Promisingly, Large Language Models (LLMs) have been actively developed in recent years, bridging human interaction and reasoning (Wang et al. 2024a;Gbagbe et al. 2024;Hu et al. 2024). Based on the advancements in LLMs, they can provide a more holistic understanding of the environment, allowing agents to respond more effectively to various scenarios with human-like logic (Han et al. 2024;Huang et al. 2024). Some works leverage LLM to guide the learning of RL at policy level (Chen et al. 2024;Ma et al. 2024;Hu et al. 2024) and indicate the enormous potential of LLMs. Due to the long forward propagation chain of the RL model, the guidance at the policy level cannot effectively enhance the extraction capability of representations, particular in complex visual input tasks (as shown in Fig. 1 (b)). This motivates the idea that the common-sense knowledge embedded in LLM can also be exploited to enhance the extraction capability of task-relevant representations at the feature level, which is shown in Fig. 1 (c).

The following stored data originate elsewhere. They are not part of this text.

lemma has_derivative_integral:
  fixes F :: "'a::euclidean_space \<Rightarrow> 'm \<Rightarrow> 'b::{banach,second_countable_topology}"
  assumes "0 < r"
    and der: "\<And>x y. x \<in> ball x0 r \<Longrightarrow> y \<in> space M \<Longrightarrow> ((\<lambda>x. F x y) has_derivative F' x y) (at x)"
    and bound: "\<And>x y. x \<in> ball x0 r \<Longrightarrow> y \<in> space M \<Longrightarrow> onorm (F' x y) \<le> g y"
    and g: "integrable M g"
    and meas: "\<And>x. F x \<in> borel_measurable M"
    and meas': "\<And>h. (\<lambda>y. F' x0 y h) \<in> borel_measurable M"
    and int: "\<And>x. x \<in> ball x0 r \<Longrightarrow> integrable M (F x)"
  shows "((\<lambda>x. \<integral>y. F x y \<partial>M) has_derivative (\<lambda>h. \<integral>y. F' x0 y h \<partial>M)) (at x0)"
proof -
  have x0: "x0 \<in> ball x0 r" using \<open>0 < r\<close> by simp
  have lin: "bounded_linear (F' x0 y)" if "y \<in> space M" for y
    using der[OF x0 that] by (rule has_derivative_bounded_linear)
  have int': "integrable M (\<lambda>y. F' x0 y h)" for h
    by (rule integrable_onorm_dominated[OF lin bound[OF x0] g meas'])
  define D where "D x y = (F x y - F x0 y - F' x0 y (x - x0)) /\<^sub>R norm (x - x0)" for x y
  have D_bound: "norm (D x y) \<le> 2 * g y" if x: "x \<in> ball x0 r" and y: "y \<in> space M" for x y
    using linearization_error_le[OF x der[OF _ y] bound[OF _ y]] onorm_pos_le[OF lin[OF y]] bound[OF x0 y]
    by (cases "x = x0") (auto simp: D_def inverse_eq_divide pos_divide_le_eq mult.commute)
  have near: "\<forall>\<^sub>F x in at x0. x \<in> ball x0 r"
    using eventually_at_ball[OF \<open>0 < r\<close>] by (rule eventually_mono) simp
  have "((\<lambda>x. \<integral>y. D x y \<partial>M) \<longlongrightarrow> (\<integral>y. 0 \<partial>M)) (at x0)"
  proof (rule integral_dominated_convergence_at[where w = "\<lambda>y. 2 * g y"])
    show "D x \<in> borel_measurable M" for x
      unfolding D_def by (intro borel_measurable_scaleR borel_measurable_diff meas meas' borel_measurable_const)
    show "AE y in M. ((\<lambda>x. D x y) \<longlongrightarrow> 0) (at x0)"
      using der[OF x0] unfolding has_derivative_at_within D_def by (simp add: diff_diff_eq)
    show "\<forall>\<^sub>F x in at x0. AE y in M. norm (D x y) \<le> 2 * g y"
      using near by (rule eventually_mono) (simp add: D_bound)
  qed (use g in simp_all)
  moreover have "\<forall>\<^sub>F x in at x0. (\<integral>y. D x y \<partial>M)
      = ((\<integral>y. F x y \<partial>M) - (\<integral>y. F x0 y \<partial>M) - (\<integral>y. F' x0 y (x - x0) \<partial>M)) /\<^sub>R norm (x - x0)"
    using near by (rule eventually_mono) (use int int[OF x0] int' in \<open>simp add: D_def\<close>)
  ultimately have "((\<lambda>x. ((\<integral>y. F x y \<partial>M) - (\<integral>y. F x0 y \<partial>M) - (\<integral>y. F' x0 y (x - x0) \<partial>M))
      /\<^sub>R norm (x - x0)) \<longlongrightarrow> 0) (at x0)"
    by (simp add: Lim_transform_eventually)
  then show ?thesis
    using bounded_linear_integral_onorm_dominated[OF lin bound[OF x0] g meas']
    unfolding has_derivative_at_within by (simp add: diff_diff_eq)
qed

In order to address the aforementioned limitations, we introduce a novel Enhanced Semantic Motion Representation (Semore) Learning framework for visual RL, which employs a two-stream network to separately extract semantic and action representations. This design can decouple different features, thereby fully utilizing the LLM to guide the representation learning. Specifically, the semantic stream models the environmental semantics and can identify key objects in the scenario, while the motion stream models motion clues from the residual frame of adjacent frames. To align the extracted representations and the actual surrounding environment, we introduce a VLM-based feature-level supervision module. We utilize VLM to generate task-specific feature masks, highlighting key regions in the observations.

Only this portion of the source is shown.